En ese contexto, Juez aparece entre los tres mejores diferenciales del país. Con un -5,1%, se posiciona en el tercer lugar a nivel nacional, solo por detrás de Carlos Camau Espínola (-1,6%) y Sergio Uñac (-4,6%).

El senador cordobés combina un 36,5% de imagen positiva, un 41,6% negativa y un nivel de desconocimiento relativamente bajo (21,9%), lo que refleja una fuerte exposición pública en comparación con la mayoría de sus pares. Aunque su diferencial sigue siendo negativo, logra destacarse en un escenario nacional marcado por el desgaste general de la dirigencia política.

Muy distinta es la situación de Alejandra Vigo. La senadora registra un diferencial de -13,7%, con apenas 6,3% de imagen positiva, 20% negativa y un elevado 73,7% de desconocimiento.

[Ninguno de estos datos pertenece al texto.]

lemma emeasure_eta_from_law_pair:
  assumes "1 \<le> t" and "1 \<le> m"
  shows "ennreal ((1 - p) / t * p ^ m)
           \<le> emeasure (measure_pmf (eta_from_law lam mu 0 (t + m))) {m, Suc m}"
proof -
  have "ennreal ((1 - p) / t * p ^ m) = ennreal (p ^ m) * ennreal ((1 - p) / t)"
    using p_pos p_less_1 by (simp add: ennreal_mult[symmetric] mult.commute)
  also have "\<dots> \<le> ennreal (p ^ m) * emeasure (measure_pmf (eta_from_law lam mu 0 t)) {0, 1}"
    using emeasure_eta_from_law_reset[OF assms(1)] by (intro mult_left_mono) auto
  also have "\<dots> = (\<integral>\<^sup>+j. ennreal (p ^ m) * indicator {0, 1} j \<partial>eta_from_law lam mu 0 t)"
    by (simp add: nn_integral_cmult_indicator)
  also have "\<dots> \<le> (\<integral>\<^sup>+j. emeasure (measure_pmf (eta_from_law lam mu j m)) {m, Suc m}
                      \<partial>eta_from_law lam mu 0 t)"
    using emeasure_eta_from_law_low_start[OF _ assms(2)]
    by (intro nn_integral_mono) (auto split: split_indicator)
  also have "\<dots> = emeasure (measure_pmf (eta_from_law lam mu 0 (t + m))) {m, Suc m}"
    by (simp add: eta_from_law_add)
  finally show ?thesis .
qed

lemma xi_law_pair_ge:
  assumes "0 < T" and "1 \<le> t" and "1 \<le> m"
  shows "pmf (poisson_pmf (alpha * T)) (t + m) * ((1 - p) / t * p ^ m)
           \<le> measure_pmf.prob (xi_law lam mu alpha T) {m, Suc m}"
proof -
  have "ennreal (pmf (poisson_pmf (alpha * T)) (t + m) * ((1 - p) / t * p ^ m))
      = ennreal (pmf (poisson_pmf (alpha * T)) (t + m)) * ennreal ((1 - p) / t * p ^ m)"
    using p_pos p_less_1 by (intro ennreal_mult) auto
  also have "\<dots> \<le> ennreal (pmf (poisson_pmf (alpha * T)) (t + m))
                   * emeasure (measure_pmf (eta_from_law lam mu 0 (t + m))) {m, Suc m}"
    using emeasure_eta_from_law_pair[OF assms(2,3)] by (intro mult_left_mono) auto
  also have "\<dots> \<le> emeasure (measure_pmf (xi_law lam mu alpha T)) {m, Suc m}"
    using assms(1) by (simp only: xi_law_eq_bind_pmf emeasure_bind_pmf_ge)
  finally show ?thesis
    by (simp add: measure_pmf.emeasure_eq_measure del: ennreal_plus)
qed

definition step_mean :: "real \<Rightarrow> nat \<Rightarrow> real" where
  "step_mean r i = (if i = 0 then r else p * r ^ Suc i + (1 - p) * (\<Sum>j<i. r ^ j) / i)"

lemma nn_integral_eta_step_power:
  assumes "0 \<le> r"
  shows "(\<integral>\<^sup>+j. ennreal (r ^ j) \<partial>eta_step lam mu i) = ennreal (step_mean r i)"
proof (cases "i = 0")
  case False
  then show ?thesis using assms
    by (subst nn_integral_eta_step) (auto simp: step_mean_def)
qed (simp add: step_mean_def eta_step_0)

Estos números la ubican en la franja media-baja del ranking nacional, lejos de los primeros lugares y con el desafío de mejorar su visibilidad en un escenario cada vez más polarizado.

En el extremo opuesto del listado aparece Carmen Álvarez Rivero, quien integra el podio de los peores diferenciales del país. Con -29,1%, se encuentra entre los tres senadores con imagen más negativa a nivel nacional, solo superada por Gerardo Zamora (-32,6%) y Juliana Di Tullio (-29,5%).

En su caso, el nivel de desconocimiento alcanza el 68,7%, pero la imagen negativa (30,2%) supera ampliamente a la positiva (1,1%), consolidando un perfil con fuerte rechazo y baja valoración pública.

El ranking confirma un fenómeno transversal: la política nacional atraviesa un momento de desgaste profundo. Incluso los legisladores mejor posicionados no logran romper la barrera del diferencial negativo. En una jornada en la que el Senado debate reformas estructurales con impacto económico y ambiental, el termómetro de la opinión pública suma presión a un escenario ya cargado de tensión.

Con proyectos sensibles en discusión y un clima social atravesado por debates sobre competitividad, empleo y apertura comercial, la foto de la imagen pública de los senadores deja un mensaje claro: el costo político de cada decisión será alto y ningún dirigente parece quedar al margen del malestar social.